China’s announcement, for its part, did not have much of an effect on uranium prices except to move them up a notch, which, as pointed out by James Areddy on China Real Time last week, was a bit counterintuitive. Prices should have moved lower “if the largest future consumer had rid itself of the need to buy fresh supplies,” he wrote.

Where China is becoming more self-sufficient is in design and construction of its nuclear reactors.  According to official statistics, the percentage of homegrown tech and equipment went from 55 to 77% last year alone, though China still works actively with international partners like U.S., Russia and France. Two new Russian reactors, due to go online in 2018 and 2019, use some of the most advanced nuclear technology in the world for their efficient use of uranium.

China’s break-neck pace has not, of course, been without its critics. In a vast country where corners have been known to get cut in construction and regulation, and all too often with fatal consequences, safety concerns loom large. And the last time that a nation tried to expand its nuclear sector so quickly, Three-Mile Island happened. Though no major incidents have been in the last 15 years, a fuel rod crack and small radiation leak at the Daya Bay nuclear plant in southern China raised concerns last year. The plant was criticized at the time for not publicizing the incidents immediately, though Hong Kong based China Light and Power (CLP), a shareholder, said the leak fell beneath the bar for requisite reporting.

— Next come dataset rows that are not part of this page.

text \<open>[R,S] = 0 for R = (r0,r1,rs), S = (t0,t1,ts): for the pullback R \<times>_X S of t0 along r1
  (projections q1 to R, q2 to S) with \<sigma>R = (1_R, ts r1) and \<sigma>S = (rs t0, 1_S),
  there is p : R \<times>_X S \<rightarrow> X with p \<sigma>R = r0 and p \<sigma>S = t1.\<close>
definition commutator_trivial ::
  "('o, 'a) cat \<Rightarrow> 'o \<Rightarrow> 'a \<Rightarrow> 'a \<Rightarrow> 'a \<Rightarrow> 'a \<Rightarrow> 'a \<Rightarrow> 'a \<Rightarrow> bool" where
  "commutator_trivial C X r0 r1 rs t0 t1 ts \<longleftrightarrow>
     (\<forall>q1 q2 \<sigma>R \<sigma>S. is_pullback C r1 t0 q1 q2 \<and>
        hom C \<sigma>R (src C r0) (src C q1) \<and> comp C q1 \<sigma>R = ident C (src C r0) \<and>
        comp C q2 \<sigma>R = comp C ts r1 \<and>
        hom C \<sigma>S (src C t0) (src C q1) \<and> comp C q1 \<sigma>S = comp C rs t0 \<and>
        comp C q2 \<sigma>S = ident C (src C t0) \<longrightarrow>
        (\<exists>p. hom C p (src C q1) X \<and> comp C p \<sigma>R = r0 \<and> comp C p \<sigma>S = t1))"

end

theory Submission
  imports Defs
begin

text \<open>If R' \<subseteq> R via k : R' \<rightarrow> R, then k \<times>_X 1_S : R' \<times>_X S \<rightarrow> R \<times>_X S carries the two
  canonical sections of R' \<times>_X S to those of R \<times>_X S (for the section of S this uses
  k rs' = rs, which holds because \<langle>r0,r1\<rangle> is monic).  Hence composing a connector
  p for R and S with k \<times>_X 1_S gives a connector for R' and S.\<close>

lemma cat_comp_hom:
  "category C \<Longrightarrow> hom C f A B \<Longrightarrow> hom C g B D \<Longrightarrow> hom C (comp C g f) A D"
  unfolding category_def hom_def by metis

lemma cat_assoc:
  "category C \<Longrightarrow> hom C f A B \<Longrightarrow> hom C g B D \<Longrightarrow> hom C h D E \<Longrightarrow>
    comp C (comp C h g) f = comp C h (comp C g f)"
  unfolding category_def hom_def by metis

lemma cat_ident_left: "category C \<Longrightarrow> hom C f A B \<Longrightarrow> comp C (ident C B) f = f"
  unfolding category_def hom_def by metis

lemma cat_ident_right: "category C \<Longrightarrow> hom C f A B \<Longrightarrow> comp C f (ident C A) = f"
  unfolding category_def hom_def by metis

lemma cat_hom_ident: "category C \<Longrightarrow> hom C f A B \<Longrightarrow> hom C (ident C A) A A"
  unfolding category_def hom_def by metis

lemma pullback_hom:
  assumes "is_pullback C f g p q"
  shows "hom C p (src C p) (src C f)" "hom C q (src C p) (src C g)"
    "comp C f p = comp C g q"
  using assms unfolding is_pullback_def by auto

lemma pullback_lift:
  assumes "is_pullback C f g p q" "hom C x T (src C f)" "hom C y T (src C g)"
    "comp C f x = comp C g y"
  obtains u where "hom C u T (src C p)" "comp C p u = x" "comp C q u = y"
  using assms unfolding is_pullback_def by blast

lemma pullback_unique:
  assumes C: "category C" and pb: "is_pullback C f g p q"
    and v: "hom C v T (src C p)" and w: "hom C w T (src C p)"
    and "comp C p v = comp C p w" and "comp C q v = comp C q w"
  shows "v = w"
proof -
  have hp: "hom C p (src C p) (src C f)" and hq: "hom C q (src C p) (src C g)"
    and square: "comp C f p = comp C g q" using pullback_hom[OF pb] by auto
  have hf: "hom C f (src C f) (tgt C f)" and hg: "hom C g (src C g) (tgt C f)"
    using pb unfolding is_pullback_def hom_def by auto
  have "comp C f (comp C p v) = comp C g (comp C q v)"
    using cat_assoc[OF C v hp hf] cat_assoc[OF C v hq hg] square by simp
  with pb cat_comp_hom[OF C v hp] cat_comp_hom[OF C v hq] obtain u where
    "\<forall>z. hom C z T (src C p) \<and> comp C p z = comp C p v \<and> comp C q z = comp C q v \<longrightarrow> z = u"
    unfolding is_pullback_def by blast
  then show ?thesis using assms(3-) by metis
qed

lemma subrel_comp_refl:
  assumes C: "category C" and R: "refl_rel C X r0 r1 rs" and R': "refl_rel C X r0' r1' rs'"
    and k: "hom C k (src C r0') (src C r0)" "comp C r0 k = r0'" "comp C r1 k = r1'"
  shows "comp C k rs' = rs"
proof -
  have r0: "hom C r0 (src C r0) X" and r1: "hom C r1 (src C r0) X"
    and rs: "hom C rs X (src C r0)" and rs': "hom C rs' X (src C r0')"
    using R R' unfolding refl_rel_def by auto
  have "comp C r0 (comp C k rs') = comp C r0 rs"
    using cat_assoc[OF C rs' k(1) r0] k R R' unfolding refl_rel_def by simp
  moreover have "comp C r1 (comp C k rs') = comp C r1 rs"
    using cat_assoc[OF C rs' k(1) r1] k R R' unfolding refl_rel_def by simp
  ultimately show ?thesis
    using R cat_comp_hom[OF C rs' k(1)] rs r0
    unfolding refl_rel_def jointly_monic_def hom_def by blast
qed

lemma pullback_refl_sections:
  assumes C: "category C" and pb: "is_pullback C r1 t0 q1 q2"
    and r1: "hom C r1 R X" and t0: "hom C t0 S X"
    and rs: "hom C rs X R" and ts: "hom C ts X S"
    and r1rs: "comp C r1 rs = ident C X" and t0ts: "comp C t0 ts = ident C X"
  obtains \<sigma>R \<sigma>S where
    "hom C \<sigma>R R (src C q1)" "comp C q1 \<sigma>R = ident C R" "comp C q2 \<sigma>R = comp C ts r1"
    "hom C \<sigma>S S (src C q1)" "comp C q1 \<sigma>S = comp C rs t0" "comp C q2 \<sigma>S = ident C S"
proof -
  have src: "src C r1 = R" "src C t0 = S" using r1 t0 unfolding hom_def by auto
  have "comp C r1 (ident C R) = comp C t0 (comp C ts r1)"
    using cat_ident_right[OF C r1] cat_assoc[OF C r1 ts t0] t0ts cat_ident_left[OF C r1] by simp
  then obtain \<sigma>R where "hom C \<sigma>R R (src C q1)" "comp C q1 \<sigma>R = ident C R"
      "comp C q2 \<sigma>R = comp C ts r1"
    using pullback_lift[OF pb] cat_hom_ident[OF C r1] cat_comp_hom[OF C r1 ts] src by metis
  moreover have "comp C r1 (comp C rs t0) = comp C t0 (ident C S)"
    using cat_ident_right[OF C t0] cat_assoc[OF C t0 rs r1] r1rs cat_ident_left[OF C t0] by simp
  then obtain \<sigma>S where "hom C \<sigma>S S (src C q1)" "comp C q1 \<sigma>S = comp C rs t0"
      "comp C q2 \<sigma>S = ident C S"
    using pullback_lift[OF pb] cat_hom_ident[OF C t0] cat_comp_hom[OF C t0 rs] src by metis
  ultimately show ?thesis using that by blast
qed

lemma pullback_comparison_sections:
  assumes C: "category C"
    and pb: "is_pullback C r1 t0 q1 q2" and pb': "is_pullback C r1' t0 q1' q2'"
    and r1: "hom C r1 R X" and r1': "hom C r1' R' X" and t0: "hom C t0 S X"
    and ts: "hom C ts X S" and rs': "hom C rs' X R'"
    and k: "hom C k R' R" "comp C r1 k = r1'" and k_refl: "comp C k rs' = rs"
    and \<sigma>R: "hom C \<sigma>R R (src C q1)" "comp C q1 \<sigma>R = ident C R" "comp C q2 \<sigma>R = comp C ts r1"
    and \<sigma>S: "hom C \<sigma>S S (src C q1)" "comp C q1 \<sigma>S = comp C rs t0" "comp C q2 \<sigma>S = ident C S"
    and \<sigma>R': "hom C \<sigma>R' R' (src C q1')" "comp C q1' \<sigma>R' = ident C R'"
      "comp C q2' \<sigma>R' = comp C ts r1'"
    and \<sigma>S': "hom C \<sigma>S' S (src C q1')" "comp C q1' \<sigma>S' = comp C rs' t0"
      "comp C q2' \<sigma>S' = ident C S"
  obtains K where "hom C K (src C q1') (src C q1)"
    "comp C K \<sigma>R' = comp C \<sigma>R k" "comp C K \<sigma>S' = \<sigma>S"
proof -
  have src: "src C r1 = R" "src C r1' = R'" "src C t0 = S"
    using r1 r1' t0 unfolding hom_def by auto
  have q1: "hom C q1 (src C q1) R" and q2: "hom C q2 (src C q1) S"
    using pullback_hom[OF pb] src by auto
  have q1': "hom C q1' (src C q1') R'" and q2': "hom C q2' (src C q1') S"
    and square': "comp C r1' q1' = comp C t0 q2'"
    using pullback_hom[OF pb'] src by auto
  have "comp C r1 (comp C k q1') = comp C t0 q2'"
    using cat_assoc[OF C q1' k(1) r1] k(2) square' by simp
  then obtain K where K: "hom C K (src C q1') (src C q1)"
      and q1K: "comp C q1 K = comp C k q1'" and q2K: "comp C q2 K = q2'"
    using pullback_lift[OF pb] cat_comp_hom[OF C q1' k(1)] q2' src by metis
  have "comp C K \<sigma>R' = comp C \<sigma>R k"
  proof (rule pullback_unique[OF C pb])
    show "hom C (comp C K \<sigma>R') R' (src C q1)" using cat_comp_hom[OF C \<sigma>R'(1) K] .
    show "hom C (comp C \<sigma>R k) R' (src C q1)" using cat_comp_hom[OF C k(1) \<sigma>R(1)] .
    have "comp C q1 (comp C K \<sigma>R') = k"
      using cat_assoc[OF C \<sigma>R'(1) K q1, symmetric] q1K cat_assoc[OF C \<sigma>R'(1) q1' k(1)] \<sigma>R'(2)
        cat_ident_right[OF C k(1)] by simp
    moreover have "comp C q1 (comp C \<sigma>R k) = k"
      using cat_assoc[OF C k(1) \<sigma>R(1) q1, symmetric] \<sigma>R(2) cat_ident_left[OF C k(1)] by simp
    ultimately show "comp C q1 (comp C K \<sigma>R') = comp C q1 (comp C \<sigma>R k)" by simp
    have "comp C q2 (comp C K \<sigma>R') = comp C ts r1'"
      using cat_assoc[OF C \<sigma>R'(1) K q2, symmetric] q2K \<sigma>R'(3) by simp
    moreover have "comp C q2 (comp C \<sigma>R k) = comp C ts r1'"
      using cat_assoc[OF C k(1) \<sigma>R(1) q2, symmetric] \<sigma>R(3) cat_assoc[OF C k(1) r1 ts] k(2)
      by simp
    ultimately show "comp C q2 (comp C K \<sigma>R') = comp C q2 (comp C \<sigma>R k)" by simp
  qed
  moreover have "comp C K \<sigma>S' = \<sigma>S"
  proof (rule pullback_unique[OF C pb])
    show "hom C (comp C K \<sigma>S') S (src C q1)" using cat_comp_hom[OF C \<sigma>S'(1) K] .
    show "hom C \<sigma>S S (src C q1)" using \<sigma>S(1) .
    show "comp C q1 (comp C K \<sigma>S') = comp C q1 \<sigma>S"
      using cat_assoc[OF C \<sigma>S'(1) K q1, symmetric] q1K cat_assoc[OF C \<sigma>S'(1) q1' k(1)] \<sigma>S'(2)
        cat_assoc[OF C t0 rs' k(1), symmetric] k_refl \<sigma>S(2) by simp
    show "comp C q2 (comp C K \<sigma>S') = comp C q2 \<sigma>S"
      using cat_assoc[OF C \<sigma>S'(1) K q2, symmetric] q2K \<sigma>S'(3) \<sigma>S(3) by simp
  qed
  ultimately show ?thesis using that K by blast
qed

theorem commutator_trivial_subrel:
  assumes C: "category C" and "finitely_complete C"
    and R: "refl_rel C X r0 r1 rs" and S: "refl_rel C X t0 t1 ts"
    and RS: "commutator_trivial C X r0 r1 rs t0 t1 ts"
    and R': "refl_rel C X r0' r1' rs'" and "subrel C r0' r1' r0 r1"
  shows "commutator_trivial C X r0' r1' rs' t0 t1 ts"
  unfolding commutator_trivial_def
proof (intro allI impI, elim conjE)
  fix q1' q2' \<sigma>R' \<sigma>S'
  assume pb': "is_pullback C r1' t0 q1' q2'" and \<sigma>R':
      "hom C \<sigma>R' (src C r0') (src C q1')" "comp C q1' \<sigma>R' = ident C (src C r0')"
      "comp C q2' \<sigma>R' = comp C ts r1'"
    and \<sigma>S': "hom C \<sigma>S' (src C t0) (src C q1')" "comp C q1' \<sigma>S' = comp C rs' t0"
      "comp C q2' \<sigma>S' = ident C (src C t0)"
  have r0: "hom C r0 (src C r0) X" and r1: "hom C r1 (src C r0) X"
    and rs: "hom C rs X (src C r0)" and r1rs: "comp C r1 rs = ident C X"
    and r1': "hom C r1' (src C r0') X" and rs': "hom C rs' X (src C r0')"
    and t0: "hom C t0 (src C t0) X" and ts: "hom C ts X (src C t0)"
    and t0ts: "comp C t0 ts = ident C X"
    using R R' S unfolding refl_rel_def by auto
  obtain k where k: "hom C k (src C r0') (src C r0)" "comp C r0 k = r0'" "comp C r1 k = r1'"
    using \<open>subrel C r0' r1' r0 r1\<close> unfolding subrel_def hom_def using r0 r1' by auto
  obtain q1 q2 where pb: "is_pullback C r1 t0 q1 q2"
    using \<open>finitely_complete C\<close> r1 t0 unfolding finitely_complete_def hom_def by metis
  obtain \<sigma>R \<sigma>S where \<sigma>R: "hom C \<sigma>R (src C r0) (src C q1)" "comp C q1 \<sigma>R = ident C (src C r0)"
      "comp C q2 \<sigma>R = comp C ts r1"
    and \<sigma>S: "hom C \<sigma>S (src C t0) (src C q1)" "comp C q1 \<sigma>S = comp C rs t0"
      "comp C q2 \<sigma>S = ident C (src C t0)"
    using pullback_refl_sections[OF C pb r1 t0 rs ts r1rs t0ts] .
  obtain p where p: "hom C p (src C q1) X" "comp C p \<sigma>R = r0" "comp C p \<sigma>S = t1"
    using RS pb \<sigma>R \<sigma>S unfolding commutator_trivial_def by blast
  obtain K where K: "hom C K (src C q1') (src C q1)"
      "comp C K \<sigma>R' = comp C \<sigma>R k" "comp C K \<sigma>S' = \<sigma>S"
    using pullback_comparison_sections[OF C pb pb' r1 r1' t0 ts rs' k(1,3)
        subrel_comp_refl[OF C R R' k] \<sigma>R \<sigma>S \<sigma>R' \<sigma>S'] .
  have "comp C (comp C p K) \<sigma>R' = r0'"
    using cat_assoc[OF C \<sigma>R'(1) K(1) p(1)] K(2) cat_assoc[OF C k(1) \<sigma>R(1) p(1), symmetric]
      p(2) k(2) by simp
  moreover have "comp C (comp C p K) \<sigma>S' = t1"
    using cat_assoc[OF C \<sigma>S'(1) K(1) p(1)] K(3) p(3) by simp
  ultimately show "\<exists>p. hom C p (src C q1') X \<and> comp C p \<sigma>R' = r0' \<and> comp C p \<sigma>S' = t1"
    using cat_comp_hom[OF C K(1) p(1)] by blast
qed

Just this week, however, Tuesday, the plant announced it would now announce any incident at the plant, however minor, within two days of its occurrence.

Hore-Lacy, for one, thinks China is on-track with making sure its sector is up to safety standards, describing the Daya Bay incidents as something that “can happen at any reactor at any time.” He says, “You don’t ignore it, but you don’t shut down either. It’s like if your car starts to leak oil. If there are a few spots on the garage floor, you keep an eye on it and motor on.”